Figure 1.1: Lloyd’s discovery of conical refraction: the transition from conical (a) to double (e) refraction, viewed through aragonite with a pinhole on the entrance face, illuminated by a distant lamp, reproduced from Lloyd (1837).
Nevertheless the transition, from conical refraction when the Lloyd’s beam is aligned with his crystal’s optic axis, to double refraction as the crystal is tilted off axis, can be clearly seen. The bright arches would eventually become the circular spots of double refraction under further misalignment. Lloyd describes this process in reverse in the quotation introducing this chapter.
Lloyd discovered that the polarisation in the external cone is linear and rotates only half a turn in a circuit of the axis (he then proved this theoretically, in analogy to the same effect for the internal cone already predicted by Hamilton). Lloyd’s measured cone angle (see table above) differed from Hamilton’s prediction by only five minutes of arc. The conical refraction pattern of a nonchiral transparent crystal can be characterised by just one dimensionless parameter, the ratio ρ0 of the cone radius at the exit face to the incident beam width.

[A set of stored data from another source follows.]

lemma gen_events: "i \<in> insert 0 {2..} \<Longrightarrow> gen i \<subseteq> events"
  using indep_gen unfolding indep_sets_def by blast

lemma saga_filt_eq: "filt n = sigma (space M) (\<Union>i\<in>insert 0 {2..n}. gen i)"
proof -
  have "(\<Union>i\<in>{2..n}. gen i) = (\<Union>i\<in>{2..n}. {U i -` A \<inter> space M | A. A \<in> sets (count_space UNIV)})"
    by (rule SUP_cong) (auto simp: gen_def)
  moreover have "gen 0 = {(\<lambda>w. (X0 w, X1 w)) -` A \<inter> space M | A. A \<in> sets borel}"
    by (simp add: gen_def)
  ultimately show ?thesis
    unfolding saga_filt_def by (simp only: UN_insert)
qed

lemma gen_Pow: "(\<Union>i\<in>I. gen i) \<subseteq> Pow (space M)"
  unfolding gen_def by auto

lemma sets_saga_filt: "sets (filt n) = sigma_sets (space M) (\<Union>i\<in>insert 0 {2..n}. gen i)"
  unfolding saga_filt_eq by (rule sets_measure_of[OF gen_Pow])

lemma space_saga_filt: "space (filt n) = space M"
  unfolding saga_filt_eq by (rule space_measure_of[OF gen_Pow])

lemma subalgebra_saga_filt: "subalgebra M (filt n)"
proof -
  have "(\<Union>i\<in>insert 0 {2..n}. gen i) \<subseteq> events"
    by (intro UN_least gen_events) auto
  then show ?thesis
    unfolding subalgebra_def space_saga_filt sets_saga_filt by (simp add: sets.sigma_sets_subset)
qed

lemma gen_in_saga_filt: "i \<in> insert 0 {2..n} \<Longrightarrow> B \<in> gen i \<Longrightarrow> B \<in> sets (filt n)"
  unfolding sets_saga_filt by (rule sigma_sets.Basic) blast

lemma U_measurable_saga_filt:
  assumes "2 \<le> i" "i \<le> n"
  shows "U i \<in> measurable (filt n) (count_space {1..N})"
proof (subst measurable_count_space_eq2)
  have "U i -` {k} \<inter> space M \<in> sets (filt n)" for k
    by (rule gen_in_saga_filt[of i]) (use assms in \<open>auto simp: gen_def\<close>)
  then show "U i \<in> space (filt n) \<rightarrow> {1..N} \<and> (\<forall>k\<in>{1..N}. U i -` {k} \<inter> space (filt n) \<in> sets (filt n))"
    using measurable_space[OF U_meas[OF assms(1)]] by (auto simp: space_saga_filt)
qed simp

lemma initial_measurable_saga_filt: "(\<lambda>w. (X0 w, X1 w)) \<in> borel_measurable (filt n)"
proof (rule measurableI)
  fix A :: "((real^'d) \<times> (real^'d)) set" assume "A \<in> sets borel"
  then have "(\<lambda>w. (X0 w, X1 w)) -` A \<inter> space M \<in> gen 0"
    unfolding gen_def by auto
  then show "(\<lambda>w. (X0 w, X1 w)) -` A \<inter> space (filt n) \<in> sets (filt n)"
    unfolding space_saga_filt by (rule gen_in_saga_filt[rotated]) auto
qed auto

lemma X0_measurable_saga_filt: "X0 \<in> borel_measurable (filt n)"
  and X1_measurable_saga_filt: "X1 \<in> borel_measurable (filt n)"
proof -
  have "(\<lambda>w. fst (X0 w, X1 w)) \<in> borel_measurable (filt n)"
       "(\<lambda>w. snd (X0 w, X1 w)) \<in> borel_measurable (filt n)"
    by (intro measurable_compose[OF initial_measurable_saga_filt] borel_measurable_continuous_onI
        continuous_intros)+
  then show "X0 \<in> borel_measurable (filt n)" "X1 \<in> borel_measurable (filt n)"
    by simp_all
qed

lemma G_measurable: "k \<in> {1..N} \<Longrightarrow> G k \<in> borel_measurable borel"
  by (rule borel_measurable_continuous_onI[OF G_cont])

lemma saga_measurable:
  assumes "1 \<le> n" "n \<le> m"
  shows "X n \<in> borel_measurable (filt m) \<and> (\<forall>k. phi n k \<in> borel_measurable (filt m))"
  using assms
proof (induction n)
  case (Suc n)
  show ?case
  proof (cases "n = 0")
    case True
    then show ?thesis
      by (simp add: saga_X_1[unfolded One_nat_def] saga_phi_1[unfolded One_nat_def]
          X0_measurable_saga_filt X1_measurable_saga_filt)
  next
    case False
    then have n: "1 \<le> n" by simp
    with Suc have X: "X n \<in> borel_measurable (filt m)"
      and phi: "\<And>k. phi n k \<in> borel_measurable (filt m)" by auto
    have UF: "U (n + 1) \<in> measurable (filt m) (count_space {1..N})"
      by (rule U_measurable_saga_filt) (use n Suc.prems in auto)
    have GX: "(\<lambda>w. G u (X n w)) \<in> borel_measurable (filt m)" if "u \<in> {1..N}" for u
      by (rule measurable_compose[OF X G_measurable[OF that]])
    have Gphi: "(\<lambda>w. G u (phi n j w)) \<in> borel_measurable (filt m)" if "u \<in> {1..N}" for u j
      by (rule measurable_compose[OF phi G_measurable[OF that]])
    have "(\<lambda>w. G (U (n + 1) w) (X n w)) \<in> borel_measurable (filt m)"
      by (rule measurable_compose_countable'[OF GX UF]) auto
    moreover have "(\<lambda>w. G (U (n + 1) w) (phi n (U (n + 1) w) w)) \<in> borel_measurable (filt m)"
      by (rule measurable_compose_countable'[OF _ UF, where f="\<lambda>u w. G u (phi n u w)"]) (auto intro: Gphi)
    ultimately have "X (Suc n) \<in> borel_measurable (filt m)"
      unfolding saga_X_Suc[OF n, abs_def] Let_def
      by (intro borel_measurable_diff borel_measurable_scaleR borel_measurable_const
          borel_measurable_sum X Gphi) auto
    moreover have "phi (Suc n) k \<in> borel_measurable (filt m)" for k
    proof -
      have "{w \<in> space (filt m). U (n + 1) w = k} = U (n + 1) -` ({k} \<inter> {1..N}) \<inter> space (filt m)"
        using measurable_space[OF UF] by auto
      also have "\<dots> \<in> sets (filt m)"
        by (rule measurable_sets[OF UF]) auto
      finally show ?thesis
        unfolding saga_phi_Suc[OF n, abs_def] by (rule measurable_If[OF X phi])
    qed
    ultimately show ?thesis by blast
  qed
qed simp

lemma saga_noise_measurable:
  assumes "1 \<le> n" "n \<le> m" "u \<in> {1..N}"
  shows "(\<lambda>w. saga_noise G N lam (X n w) (\<lambda>k. phi n k w) u) \<in> borel_measurable (filt m)"
proof -
  have X: "X n \<in> borel_measurable (filt m)" and phi: "\<And>k. phi n k \<in> borel_measurable (filt m)"
    using saga_measurable[OF assms(1,2)] by auto
  show ?thesis
    unfolding saga_noise_def
    by (intro borel_measurable_diff borel_measurable_scaleR borel_measurable_const borel_measurable_sum
        measurable_compose[OF X G_measurable] measurable_compose[OF phi G_measurable] assms(3)) auto
qed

Lloyd’s experiment utilised various pinholes that he did not specify, but the largest, used by ingeneous method to determine the cone angle, was 0.016 inch (to 1500th inch) in diameter, giving a measured ratio ρ0 = 0.98 compared to Hamilton’s theoretical ρ0 = 1.02. This small ratio explains the poor resolution of figure 1.1(a), barely sufficient to verify the existence of the singularity predicted by Hamilton, but little improvable using the technology – oil lamps, sunlight, and handmade pinholes – of the time.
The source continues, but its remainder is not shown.